I haven't seen any in the US that reach that weight, wouldn't surprise me if a pew show mouse can reach that age


----------



## Cheshire Gleam (Aug 15, 2016)

I'd just never heard of them getting so large. I know UK stock is a lot bigger than the stock over here, but I didn't realize by that much. Can't wait to go there someday and see all the massive mice!


----------



## Lilly (Nov 21, 2015)

I thought 70-80g was considered a quite large patterned buck over here, pew would be bigger but not sure the exact weight... obviously meant weight not age...


----------



## Cheshire Gleam (Aug 15, 2016)

My largest mouse is only 46 grams, most of them being between 35-43 grams. Haven't ever seen anything much bigger since it's always a pet store that I'm in. Is 70-80 grams common for really nice show quality in the US?


----------



## RoseSpice (Oct 24, 2016)

My currently nursing female is at 40, and I can't imagine her being that big. O.O


----------



## Lilly (Nov 21, 2015)

My heaviest bucks are mid 60's but they are splash/c-dilutes chosen for pattern so are a lot smaller than show pink eyed selves can be.

When you say show mice though it varies a ton, some marked/patterned varieties like hereford tend to be a lot smaller and probably 40g ish whereas the pink eyed selfs are almost always a lot bigger.

Black eyed selfs also are in general smaller than the pink eyed ones with black being pretty small in comparison to the pew


----------



## Cheshire Gleam (Aug 15, 2016)

Yeah, I hadn't thought of that.
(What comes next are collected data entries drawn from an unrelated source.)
(* (a) Let $n\geq 3$ and let $H_1\neq H_2$ be $1$-dimensional linear subspaces of $\mathbb{R}^n$. Then: $H_1^\perp+H_2^\perp=\mathbb{R}^n$ and $\{H_1^\perp,H_2^\perp\}$ cannot be partitioned into two nonempty mutually orthogonal subsets; if $E\subset S^{n-1}$ is nonempty, closed, and $S^{n-1}\cap(H_j^\perp+x)\subset E$ for $j=1,2$ and all $x\in E$, then $E=S^{n-1}$; every closed $F\subset\mathbb{R}^n$ invariant under all rotations fixing $H_1$ and all rotations fixing $H_2$ is a union of spheres centered at the origin; and every convex body rotationally symmetric with respect to both $H_1$ and $H_2$ is a ball centered at the origin. (b) Let $n\ge 4$. For every $k\in\mathbb{N}$ there exist pairwise different linear subspaces $H_1,\dots,H_k$ of $\mathbb{R}^n$ with $2\le\dim H_j\le n-2$ and a convex body $K$ in $\mathbb{R}^n$ that is rotationally symmetric with respect to each $H_j$ but is not a ball centered at the origin (so that none of the conclusions in (a), with $H_1,H_2$ replaced by $H_1,\dots,H_k$, hold for them).
   Context: $H^\perp$ is the orthogonal complement; $S^{n-1}$ the unit sphere. A rotation fixing $H$ is an element of $SO(n)$ acting as the identity on $H$. A set $X$ is rotationally symmetric with respect to an $i$-dimensional subspace $H$ if for every $x\in H$, $X\cap(H^\perp+x)$ is a union of $(n-i-1)$-dimensional spheres centered at $x$. A convex body is a compact convex set with nonempty interior. *)

theory Defs
  imports "HOL-Analysis.Analysis"
begin

definition rotation_fixing :: "(real^'n) set \<Rightarrow> real^'n^'n \<Rightarrow> bool" where
  "rotation_fixing H Q \<longleftrightarrow> rotation_matrix Q \<and> (\<forall>x\<in>H. Q *v x = x)"

definition setsum :: "(real^'n) set \<Rightarrow> (real^'n) set \<Rightarrow> (real^'n) set" where
  "setsum A B = {a + b | a b. a \<in> A \<and> b \<in> B}"

definition orth_decomposable :: "(real^'n) set set \<Rightarrow> bool" where
  "orth_decomposable F \<longleftrightarrow> (\<exists>A B. A \<union> B = F \<and> A \<inter> B = {} \<and> A \<noteq> {} \<and> B \<noteq> {} \<and>
      (\<forall>U\<in>A. \<forall>V\<in>B. \<forall>u\<in>U. \<forall>v\<in>V. orthogonal u v))"
(* Let $H\in(\tfrac12,1)$, $W$ a one-dimensional standard Wiener process, $\tilde B_t=\int_0^t(t-v)^{H-1/2}\,dW_v$, and $R(r,s)=\mathbb{E}\tilde B_r\tilde B_s$. Set $c_1=H-\tfrac12$, $c_3=(H-\tfrac12)(H-\tfrac32)$ and $c_2=-c_3\int_0^\infty u^{H-1/2}(1+u)^{H-5/2}\,du$. Then for $0<r<s$, $$\partial^2_{r,s}R(r,s)=c_1r^{H-1/2}s^{H-3/2}+c_2(s-r)^{2H-2}+c_3\int_r^\infty v^{H-1/2}(s-r+v)^{H-5/2}\,dv.$$
   Context: $\partial^2_{r,s}R=\frac{\partial^2}{\partial r\partial s}R$ denotes the mixed derivative of the covariance function. *)

theory Defs
  imports "HOL-Analysis.Analysis"
begin

text \<open>Covariance of the Riemann-Liouville process
  B_t = int_0^t (t-v)^(H-1/2) dW_v. By the Ito isometry,
  E[B_r B_s] = int_0^(min r s) (r-v)^(H-1/2) (s-v)^(H-1/2) dv.\<close>
definition RLcov :: "real \<Rightarrow> real \<Rightarrow> real \<Rightarrow> real" where
  "RLcov H r s = (LBINT v:{0..min r s}. (r - v) powr (H - 1/2) * (s - v) powr (H - 1/2))"

end

theory Submission
  imports Defs
begin

text \<open>Write a = H - 1/2, so that R(r,s) = int_0^r (r-v)^a (s-v)^a dv for r \<le> s.
  Differentiating in s under the integral sign and substituting v = r t gives
  d/ds R = a int_0^1 r^(a+1) (1-t)^a (s-rt)^(a-1) dt. In this form the singularity of
  (r-v)^(a-1) at the moving endpoint has disappeared and the integrand is smooth in r < s,
  so it can be differentiated in r under the integral sign again. An integration by parts in t
  splits off the boundary term r^a s^(a-1); undoing the substitution turns the remaining
  integral into int_0^r u^a (s-r+u)^(a-2) du, which is the integral over (0,\<infinity>) minus the
  tail over (r,\<infinity>). Scaling u = (s-r) w in the former produces (s-r)^(2a-1) times the
  constant in c2; it converges because a < 1/2.\<close>

lemma integral_reflect_atLeastAtMost:
  fixes f :: "real \<Rightarrow> 'b::real_normed_vector"
  shows "integral {a..b} (\<lambda>w. f (a + b - w)) = integral {a..b} f"
  using integral_shift_real_ivl[of "-b" "-(a+b)" "-a" "\<lambda>y. f (- y)"] by (simp add: algebra_simps)
lemma tracking_chart_propagation:
  assumes atlas: "F_atlas A" and dX: "diff_vector_field A X" and dY: "diff_vector_field A Y"
    and "tracks A Y X" and V: "V = X \<or> V = Y" and curve: "integral_curve A V \<gamma> J" and "c \<in> A"
    and "closed_segment t1 t2 \<subseteq> J" "\<gamma> ` closed_segment t1 t2 \<subseteq> fst c"
  shows "(X (\<gamma> t1) c = 0 \<longrightarrow> X (\<gamma> t2) c = 0)
    \<and> (wedge (X (\<gamma> t1) c) (Y (\<gamma> t1) c) = 0 \<longrightarrow> wedge (X (\<gamma> t2) c) (Y (\<gamma> t2) c) = 0)"
proof -
  obtain f where "continuous_on UNIV f"
    and bracket: "\<And>p. p \<in> fst c \<Longrightarrow> lie_bracket_coord Y X p c = f p *s X p c"
    using \<open>tracks A Y X\<close> \<open>c \<in> A\<close> unfolding tracks_def by blast
  let ?I = "closed_segment t1 t2"
  define L where "L t = frechet_derivative (local_rep X c) (at (snd c (\<gamma> t)))" for t
  define M where "M t = frechet_derivative (local_rep Y c) (at (snd c (\<gamma> t)))" for t
  have "continuous_on ?I \<gamma>"
    using curve assms(8) by (auto simp: integral_curve_def intro: continuous_on_subset)
  show ?thesis
  proof (rule tracking_system_propagation[where L = L and M = M and g = "\<lambda>t. f (\<gamma> t)"
        and v = "\<lambda>t. V (\<gamma> t) c"])
    show "F_linear_family_on ?I L" "F_linear_family_on ?I M"
      unfolding L_def M_def using \<open>continuous_on ?I \<gamma>\<close> atlas dX dY \<open>c \<in> A\<close> assms(9)
      by (blast intro: F_linear_family_on_chart_derivative)+
    show "continuous_on ?I (\<lambda>t. f (\<gamma> t))"
      using \<open>continuous_on UNIV f\<close> \<open>continuous_on ?I \<gamma>\<close> by (auto intro: continuous_on_compose2)
    show "L t (Y (\<gamma> t) c) - M t (X (\<gamma> t) c) = f (\<gamma> t) *s X (\<gamma> t) c" if "t \<in> ?I" for t
      using bracket[of "\<gamma> t"] that assms(9) by (auto simp: lie_bracket_coord_def L_def M_def)
    show "(\<lambda>t. V (\<gamma> t) c) = (\<lambda>t. X (\<gamma> t) c) \<or> (\<lambda>t. V (\<gamma> t) c) = (\<lambda>t. Y (\<gamma> t) c)"
      using V by auto
    show "((\<lambda>t. X (\<gamma> t) c) has_vector_derivative L t (V (\<gamma> t) c)) (at t within ?I)"
      and "((\<lambda>t. Y (\<gamma> t) c) has_vector_derivative M t (V (\<gamma> t) c)) (at t within ?I)"
      if "t \<in> ?I" for t
      unfolding L_def M_def using that assms(1-3,6-9)
      by (blast intro: integral_curve_chart_derivative)+
  qed simp_all
qed

lemma continuous_on_local_chart:
  assumes "F_atlas A" "continuous_on J \<gamma>" "a \<in> J"
  obtains c e where "c \<in> A" "e > 0" "\<gamma> ` (J \<inter> ball a e) \<subseteq> fst c"
proof -
  have "\<gamma> a \<in> (\<Union>c\<in>A. fst c)"
    using \<open>F_atlas A\<close> by (simp add: F_atlas_def)
  then obtain c where "c \<in> A" "\<gamma> a \<in> fst c" by blast
  have "open (fst c)"
    using \<open>F_atlas A\<close> \<open>c \<in> A\<close> by (simp add: F_atlas_def is_chart_def)
  with \<open>continuous_on J \<gamma>\<close> have "openin (top_of_set J) (J \<inter> \<gamma> -` fst c)"
    by (rule continuous_openin_preimage_gen)
  then obtain e where "e > 0" and e: "\<forall>s\<in>J. dist s a < e \<longrightarrow> s \<in> J \<inter> \<gamma> -` fst c"
    using \<open>a \<in> J\<close> \<open>\<gamma> a \<in> fst c\<close> unfolding openin_euclidean_subtopology_iff by blast
  have "\<gamma> ` (J \<inter> ball a e) \<subseteq> fst c"
    using e by (auto simp: dist_commute)
  with \<open>c \<in> A\<close> \<open>e > 0\<close> show thesis by (rule that)
qed

lemma invariantI_chartwise:
  assumes "F_atlas A"
    and S: "\<And>c p. c \<in> A \<Longrightarrow> p \<in> fst c \<Longrightarrow> p \<in> S \<longleftrightarrow> Q p c"
    and propagate: "\<And>\<gamma> J c t1 t2. integral_curve A V \<gamma> J \<Longrightarrow> c \<in> A \<Longrightarrow>
      closed_segment t1 t2 \<subseteq> J \<Longrightarrow> \<gamma> ` closed_segment t1 t2 \<subseteq> fst c \<Longrightarrow>
      Q (\<gamma> t1) c \<Longrightarrow> Q (\<gamma> t2) c"
  shows "invariant A V S"
  unfolding invariant_def
proof (intro allI impI, elim conjE, rule subsetI)
  fix \<gamma> J q
  assume curve: "integral_curve A V \<gamma> J" and "0 \<in> J" "\<gamma> 0 \<in> S" "q \<in> \<gamma> ` J"
  then obtain b where "b \<in> J" "q = \<gamma> b" by blast
  have "convex J" "continuous_on J \<gamma>"
    using curve by (auto simp: integral_curve_def is_interval_convex)
  have "\<gamma> b \<in> S"
  proof (rule connected_induction_simple[OF convex_connected[OF \<open>convex J\<close>] \<open>0 \<in> J\<close> \<open>b \<in> J\<close>,
        where P = "\<lambda>t. \<gamma> t \<in> S"])
    show "\<gamma> 0 \<in> S" by fact
    fix a assume "a \<in> J"
    then obtain c e where "c \<in> A" "e > 0" and chart: "\<gamma> ` (J \<inter> ball a e) \<subseteq> fst c"
      using continuous_on_local_chart[OF \<open>F_atlas A\<close> \<open>continuous_on J \<gamma>\<close>] by blast
    let ?T = "J \<inter> ball a e"
    have "\<gamma> y \<in> S" if "x \<in> ?T" "y \<in> ?T" "\<gamma> x \<in> S" for x y
    proof -
      have seg: "closed_segment x y \<subseteq> ?T"
        using that(1,2) \<open>convex J\<close> by (intro closed_segment_subset) (auto intro: convex_Int)
      then have "\<gamma> ` closed_segment x y \<subseteq> fst c" "\<gamma> x \<in> fst c" "\<gamma> y \<in> fst c"
        using chart that(1,2) by auto
      with seg \<open>\<gamma> x \<in> S\<close> show ?thesis
        using S[OF \<open>c \<in> A\<close>] propagate[OF curve \<open>c \<in> A\<close>, of x y] by auto
    qed
    moreover have "openin (top_of_set J) ?T" "a \<in> ?T"
      using \<open>a \<in> J\<close> \<open>e > 0\<close> by (simp_all add: openin_open_Int)
    ultimately show "\<exists>T. openin (top_of_set J) T \<and> a \<in> T \<and>
        (\<forall>x\<in>T. \<forall>y\<in>T. \<gamma> x \<in> S \<longrightarrow> \<gamma> y \<in> S)"
      by blast
  qed
  then show "q \<in> S" using \<open>q = \<gamma> b\<close> by simp
qed

theorem proposition4p1:
  fixes A :: "(('p::{t2_space, second_countable_topology}) set \<times> ('p \<Rightarrow> 'f::real_normed_field ^ 'n)) set"
    and X Y :: "'p \<Rightarrow> 'p set \<times> ('p \<Rightarrow> 'f ^ 'n) \<Rightarrow> 'f ^ 'n"
  assumes "F_atlas A"
    and "diff_vector_field A X"
    and "diff_vector_field A Y"
    and "tracks A Y X"
  shows "invariant A X (zero_set A X) \<and> invariant A Y (zero_set A X)
       \<and> invariant A X (dep_set A X Y) \<and> invariant A Y (dep_set A X Y)"
proof -
  have "vector_field A X" "vector_field A Y"
    using assms(2,3) by (simp_all add: diff_vector_field_def)
  have "invariant A V (zero_set A X)" "invariant A V (dep_set A X Y)" if "V = X \<or> V = Y" for V
  proof -
    note propagation = tracking_chart_propagation[OF assms that]
    show "invariant A V (zero_set A X)"
    proof (rule invariantI_chartwise[where Q = "\<lambda>p c. X p c = 0", OF \<open>F_atlas A\<close>])
      show "p \<in> zero_set A X \<longleftrightarrow> X p c = 0" if "c \<in> A" "p \<in> fst c" for c p
        using zero_set_iff[OF \<open>F_atlas A\<close> \<open>vector_field A X\<close> that] .
    qed (use propagation in blast)
    show "invariant A V (dep_set A X Y)"
    proof (rule invariantI_chartwise[where Q = "\<lambda>p c. wedge (X p c) (Y p c) = 0", OF \<open>F_atlas A\<close>])
      show "p \<in> dep_set A X Y \<longleftrightarrow> wedge (X p c) (Y p c) = 0" if "c \<in> A" "p \<in> fst c" for c p
        using dep_set_iff[OF \<open>F_atlas A\<close> \<open>vector_field A X\<close> \<open>vector_field A Y\<close> that] .
    qed (use propagation in blast)
  qed
  then show ?thesis by blast
qed

end
lemma power_bounded_square_zero_shift_eq_mat:
  assumes "power_bounded T" and "cmod l = 1" and "(T - mat l) ** (T - mat l) = 0"
  shows "T = mat l"
proof -
  define N where "N = T - mat l"
  have T: "T = mat l + N"
    by (simp add: N_def)
  obtain M where M: "\<And>k. norm (mpow T k) \<le> M"
    using assms(1) unfolding power_bounded_def by blast
  have "N $ i $ j = 0" for i j
  proof (rule ccontr)
    assume "N $ i $ j \<noteq> 0"
    obtain k :: nat where k: "M + 1 < real k * cmod (N $ i $ j)"
      using reals_Archimedean3[of "cmod (N $ i $ j)"] \<open>N $ i $ j \<noteq> 0\<close> by auto
    have entry: "mpow T (Suc k) $ i $ j
        = of_nat (Suc k) * l ^ k * N $ i $ j + mat (l ^ Suc k) $ i $ j"
      unfolding T mpow_scalar_plus_nilpotent[OF assms(3)[folded N_def]] by simp
    have "cmod (mat (l ^ Suc k) $ i $ j) \<le> 1"
      using assms(2) by (simp add: mat_def norm_mult norm_power)
    moreover have "cmod (of_nat (Suc k) * l ^ k * N $ i $ j) = real (Suc k) * cmod (N $ i $ j)"
      using assms(2) by (simp only: norm_mult norm_power norm_of_nat) simp
    ultimately have "real (Suc k) * cmod (N $ i $ j) - 1 \<le> cmod (mpow T (Suc k) $ i $ j)"
      unfolding entry
      using norm_diff_ineq[of "of_nat (Suc k) * l ^ k * N $ i $ j" "mat (l ^ Suc k) $ i $ j"]
      by linarith
    also have "\<dots> \<le> M"
      using M norm_nth_nth_le order_trans by blast
    finally show False
      using k norm_ge_zero[of "N $ i $ j"] by (simp add: algebra_simps)
  qed
  then show ?thesis
    by (simp add: T vec_eq_iff)
qed
(* Let $\mathscr{H}$ be a complex Hilbert space, let $\mathscr{A}$ be a $C^*$-algebra with $\mathbb{K}(\mathscr{H})\subseteq\mathscr{A}\subseteq\mathbb{B}(\mathscr{H})$, let $\mathscr{E},\mathscr{F}$ be inner product $\mathscr{A}$-modules and let $T:\mathscr{E}\to\mathscr{F}$ be an $\mathscr{A}$-linear mapping. Suppose that for some minimal projection $e$ in $\mathscr{A}$ the restriction $T_e=T|_{\mathscr{E}_e}:\mathscr{E}_e\to\mathscr{F}_e$ satisfies $0<[T_e]\leq\|T_e\|<\infty$. Then (i) $[T]=[T_e]$ and (ii) $\|T\|=\|T_e\|$.
   Context: An inner product $\mathscr{A}$-module is a right $\mathscr{A}$-module with an $\mathscr{A}$-valued inner product $\langle\cdot,\cdot\rangle$ ($\mathbb{C}$-linear and $\mathscr{A}$-linear in the second variable, $\langle x,y\rangle^*=\langle y,x\rangle$, $\langle x,x\rangle\geq0$ with equality iff $x=0$), with norm $\|x\|=\|\langle x,x\rangle\|^{1/2}$. A map is $\mathscr{A}$-linear if it is linear and $T(xa)=(Tx)a$. Minimal projections in $\mathscr{A}$ are the rank-one projections $e=\eta\otimes\eta$, $\|\eta\|=1$, where $(\eta\otimes\zeta)\xi=(\xi,\zeta)\eta$. $\mathscr{E}_e=\{xe:x\in\mathscr{E}\}$ is an inner product space with $(x,y)=\mathrm{tr}\langle x,y\rangle$, whose norm coincides with the module norm; $T$ maps $\mathscr{E}_e$ into $\mathscr{F}_e$ by $\mathscr{A}$-linearity. The minimum modulus is $[T]=\inf\{\|Tx\|:\|x\|=1\}$ (and similarly $[T_e]$ with $x\in\mathscr{E}_e$). *)

theory Defs
  imports "HOL-Analysis.Analysis"
begin

class cvec = ab_group_add +
  fixes scaleC :: "complex \<Rightarrow> 'a \<Rightarrow> 'a"
  assumes scaleC_add_right: "scaleC c (x + y) = scaleC c x + scaleC c y"
    and scaleC_add_left: "scaleC (c + d) x = scaleC c x + scaleC d x"
    and scaleC_scaleC: "scaleC c (scaleC d x) = scaleC (c * d) x"
    and scaleC_one: "scaleC 1 x = x"

class chilbert = cvec +
  fixes cinner :: "'a \<Rightarrow> 'a \<Rightarrow> complex"
  assumes cinner_add_right: "cinner x (y + z) = cinner x y + cinner x z"
    and cinner_scaleC_right: "cinner x (scaleC c y) = c * cinner x y"
    and cinner_commute: "cinner y x = cnj (cinner x y)"
    and cinner_nonneg: "0 \<le> Re (cinner x x)"
    and cinner_eq_zero: "cinner x x = 0 \<Longrightarrow> x = 0"
    and cinner_complete:
      "(\<forall>\<epsilon>>0. \<exists>N. \<forall>m\<ge>N. \<forall>n\<ge>N. sqrt (Re (cinner (X m - X n) (X m - X n))) < \<epsilon>)
       \<Longrightarrow> \<exists>L. (\<lambda>n. sqrt (Re (cinner (X n - L) (X n - L)))) \<longlonglongrightarrow> 0"

definition hnorm :: "'h::chilbert \<Rightarrow> real" where
  "hnorm x = sqrt (Re (cinner x x))"

definition bounded_op :: "('h::chilbert \<Rightarrow> 'h) \<Rightarrow> bool" where
  "bounded_op a \<longleftrightarrow> (\<forall>x y. a (x + y) = a x + a y) \<and> (\<forall>c x. a (scaleC c x) = scaleC c (a x))
     \<and> (\<exists>K. \<forall>x. hnorm (a x) \<le> K * hnorm x)"

definition opnorm :: "('h::chilbert \<Rightarrow> 'h) \<Rightarrow> real" where
  "opnorm a = Sup {hnorm (a x) | x. hnorm x \<le> 1}"

text \<open>Compact operator: the image of the closed unit ball is totally bounded
  (equivalently relatively compact, H being complete).\<close>
definition compact_op :: "('h::chilbert \<Rightarrow> 'h) \<Rightarrow> bool" where
  "compact_op a \<longleftrightarrow> bounded_op a \<and>
     (\<forall>\<epsilon>>0. \<exists>F. finite F \<and> (\<forall>x. hnorm x \<le> 1 \<longrightarrow> (\<exists>y\<in>F. hnorm (a x - y) < \<epsilon>)))"

definition is_adjoint :: "('h::chilbert \<Rightarrow> 'h) \<Rightarrow> ('h \<Rightarrow> 'h) \<Rightarrow> bool" where
  "is_adjoint a b \<longleftrightarrow> (\<forall>x y. cinner (a x) y = cinner x (b y))"

definition op_add :: "('h::chilbert \<Rightarrow> 'h) \<Rightarrow> ('h \<Rightarrow> 'h) \<Rightarrow> ('h \<Rightarrow> 'h)" where
  "op_add a b = (\<lambda>x. a x + b x)"

definition op_scale :: "complex \<Rightarrow> ('h::chilbert \<Rightarrow> 'h) \<Rightarrow> ('h \<Rightarrow> 'h)" where
  "op_scale c a = (\<lambda>x. scaleC c (a x))"

definition cstar_alg :: "('h::chilbert \<Rightarrow> 'h) set \<Rightarrow> bool" where
  "cstar_alg A \<longleftrightarrow> A \<subseteq> {a. bounded_op a}
     \<and> (\<forall>a\<in>A. \<forall>b\<in>A. op_add a b \<in> A \<and> a \<circ> b \<in> A)
     \<and> (\<forall>c. \<forall>a\<in>A. op_scale c a \<in> A)
     \<and> (\<forall>a\<in>A. \<exists>b\<in>A. is_adjoint a b)
     \<and> (\<forall>X L. (\<forall>n. X n \<in> A) \<and> bounded_op L \<and> (\<lambda>n. opnorm (\<lambda>x. X n x - L x)) \<longlonglongrightarrow> 0
              \<longrightarrow> L \<in> A)"

definition rank_one :: "'h::chilbert \<Rightarrow> ('h \<Rightarrow> 'h)" where
  "rank_one \<eta> = (\<lambda>\<xi>. scaleC (cinner \<eta> \<xi>) \<eta>)"

text \<open>Minimal projections in A (K(H) \<subseteq> A): the rank-one projections \<eta>\<otimes>\<eta>, \<parallel>\<eta>\<parallel> = 1.\<close>
definition minimal_projection :: "('h::chilbert \<Rightarrow> 'h) set \<Rightarrow> ('h \<Rightarrow> 'h) \<Rightarrow> bool" where
  "minimal_projection A e \<longleftrightarrow> e \<in> A \<and> (\<exists>\<eta>. hnorm \<eta> = 1 \<and> e = rank_one \<eta>)"

text \<open>act: right action of A on E; ip: the A-valued inner product.\<close>
definition ip_module ::
  "('h::chilbert \<Rightarrow> 'h) set \<Rightarrow> ('e::cvec \<Rightarrow> ('h \<Rightarrow> 'h) \<Rightarrow> 'e) \<Rightarrow> ('e \<Rightarrow> 'e \<Rightarrow> ('h \<Rightarrow> 'h)) \<Rightarrow> bool" where
  "ip_module A act ip \<longleftrightarrow>
     (\<forall>x y a. a \<in> A \<longrightarrow> act (x + y) a = act x a + act y a)
   \<and> (\<forall>x a b. a \<in> A \<longrightarrow> b \<in> A \<longrightarrow> act x (op_add a b) = act x a + act x b)
   \<and> (\<forall>x a b. a \<in> A \<longrightarrow> b \<in> A \<longrightarrow> act (act x a) b = act x (a \<circ> b))
   \<and> (\<forall>x a c. a \<in> A \<longrightarrow> scaleC c (act x a) = act (scaleC c x) a
                        \<and> scaleC c (act x a) = act x (op_scale c a))
   \<and> (\<forall>x y. ip x y \<in> A)
   \<and> (\<forall>x y z. ip x (y + z) = op_add (ip x y) (ip x z))
   \<and> (\<forall>x y c. ip x (scaleC c y) = op_scale c (ip x y))
   \<and> (\<forall>x y a. a \<in> A \<longrightarrow> ip x (act y a) = ip x y \<circ> a)
   \<and> (\<forall>x y. is_adjoint (ip x y) (ip y x))
   \<and> (\<forall>x \<xi>. 0 \<le> Re (cinner \<xi> (ip x x \<xi>)))
   \<and> (\<forall>x. ip x x = (\<lambda>_. 0) \<longleftrightarrow> x = 0)"

definition mnorm :: "('e \<Rightarrow> 'e \<Rightarrow> ('h::chilbert \<Rightarrow> 'h)) \<Rightarrow> 'e \<Rightarrow> real" where
  "mnorm ip x = sqrt (opnorm (ip x x))"

definition A_linear ::
  "('h::chilbert \<Rightarrow> 'h) set \<Rightarrow> ('e::cvec \<Rightarrow> ('h \<Rightarrow> 'h) \<Rightarrow> 'e) \<Rightarrow> ('f::cvec \<Rightarrow> ('h \<Rightarrow> 'h) \<Rightarrow> 'f)
     \<Rightarrow> ('e \<Rightarrow> 'f) \<Rightarrow> bool" where
  "A_linear A actE actF T \<longleftrightarrow> (\<forall>x y. T (x + y) = T x + T y) \<and> (\<forall>c x. T (scaleC c x) = scaleC c (T x))
     \<and> (\<forall>x a. a \<in> A \<longrightarrow> T (actE x a) = actF (T x) a)"

definition op_norm_on :: "('e \<Rightarrow> 'e \<Rightarrow> ('h::chilbert \<Rightarrow> 'h)) \<Rightarrow> ('f \<Rightarrow> 'f \<Rightarrow> ('h \<Rightarrow> 'h))
     \<Rightarrow> ('e \<Rightarrow> 'f) \<Rightarrow> 'e set \<Rightarrow> ereal" where
  "op_norm_on ipE ipF T S = Sup ((\<lambda>x. ereal (mnorm ipF (T x))) ` {x\<in>S. mnorm ipE x = 1})"

definition min_mod_on :: "('e \<Rightarrow> 'e \<Rightarrow> ('h::chilbert \<Rightarrow> 'h)) \<Rightarrow> ('f \<Rightarrow> 'f \<Rightarrow> ('h \<Rightarrow> 'h))
     \<Rightarrow> ('e \<Rightarrow> 'f) \<Rightarrow> 'e set \<Rightarrow> ereal" where
  "min_mod_on ipE ipF T S = Inf ((\<lambda>x. ereal (mnorm ipF (T x))) ` {x\<in>S. mnorm ipE x = 1})"

end

theory Submission
  imports Defs
begin

text \<open>Write e = \<eta> \<otimes> \<eta>. For x \<in> E and \<xi> \<in> H the vector w = x(\<xi> \<otimes> \<eta>) lies in E_e and
  <w,w> = (<x,x>\<xi>,\<xi>) e, so \<parallel>w\<parallel>^2 = (<x,x>\<xi>,\<xi>); likewise \<parallel>Tw\<parallel>^2 = (<Tx,Tx>\<xi>,\<xi>) by
  A-linearity. The bounds [T_e] \<le> \<parallel>Tw\<parallel>/\<parallel>w\<parallel> \<le> \<parallel>T_e\<parallel> therefore say that
  [T_e]^2 <x,x> \<le> <Tx,Tx> \<le> \<parallel>T_e\<parallel>^2 <x,x> as positive operators on H, and comparing
  operator norms gives [T_e] \<parallel>x\<parallel> \<le> \<parallel>Tx\<parallel> \<le> \<parallel>T_e\<parallel> \<parallel>x\<parallel> for every x \<in> E.\<close>

lemma scaleC_zero_left [simp]: "scaleC 0 (x::'a::cvec) = 0"
proof -
  have "scaleC 0 x = scaleC 0 x + scaleC 0 x" using scaleC_add_left[of 0 0 x] by simp
  then show ?thesis by simp
qed

lemma scaleC_minus_left: "scaleC (- c) (x::'a::cvec) = - scaleC c x"
proof -
  have "scaleC c x + scaleC (-c) x = 0" using scaleC_add_left[of c "-c" x] by simp
  then show ?thesis by (simp add: eq_neg_iff_add_eq_0 add.commute)
qed

lemma scaleC_diff_left: "scaleC (c - d) (x::'a::cvec) = scaleC c x - scaleC d x"
  by (simp only: diff_conv_add_uminus scaleC_add_left scaleC_minus_left)

lemma cinner_add_left: "cinner ((x::'a::chilbert) + y) z = cinner x z + cinner y z"
  by (metis cinner_commute cinner_add_right complex_cnj_add)

lemma cinner_scaleC_left: "cinner (scaleC c (x::'a::chilbert)) y = cnj c * cinner x y"
  by (metis cinner_commute cinner_scaleC_right complex_cnj_mult complex_cnj_cnj)

lemma cinner_zero_right [simp]: "cinner (x::'a::chilbert) 0 = 0"
  using cinner_scaleC_right[of x 0 x] by simp

lemma cinner_zero_left [simp]: "cinner 0 (x::'a::chilbert) = 0"
  using cinner_scaleC_left[of 0 x x] by simp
I'm sure breeding for good markings/patterns can comprise type, too. Challenge is part of the fun though. Anyway, it's neat some varieties can get that huge! Learning something about the hobby everyday.


----------



## Lilly (Nov 21, 2015)

PEW are generally the biggest because you don't have to worry about the correct color with them so can focus on size/type a lot more.


----------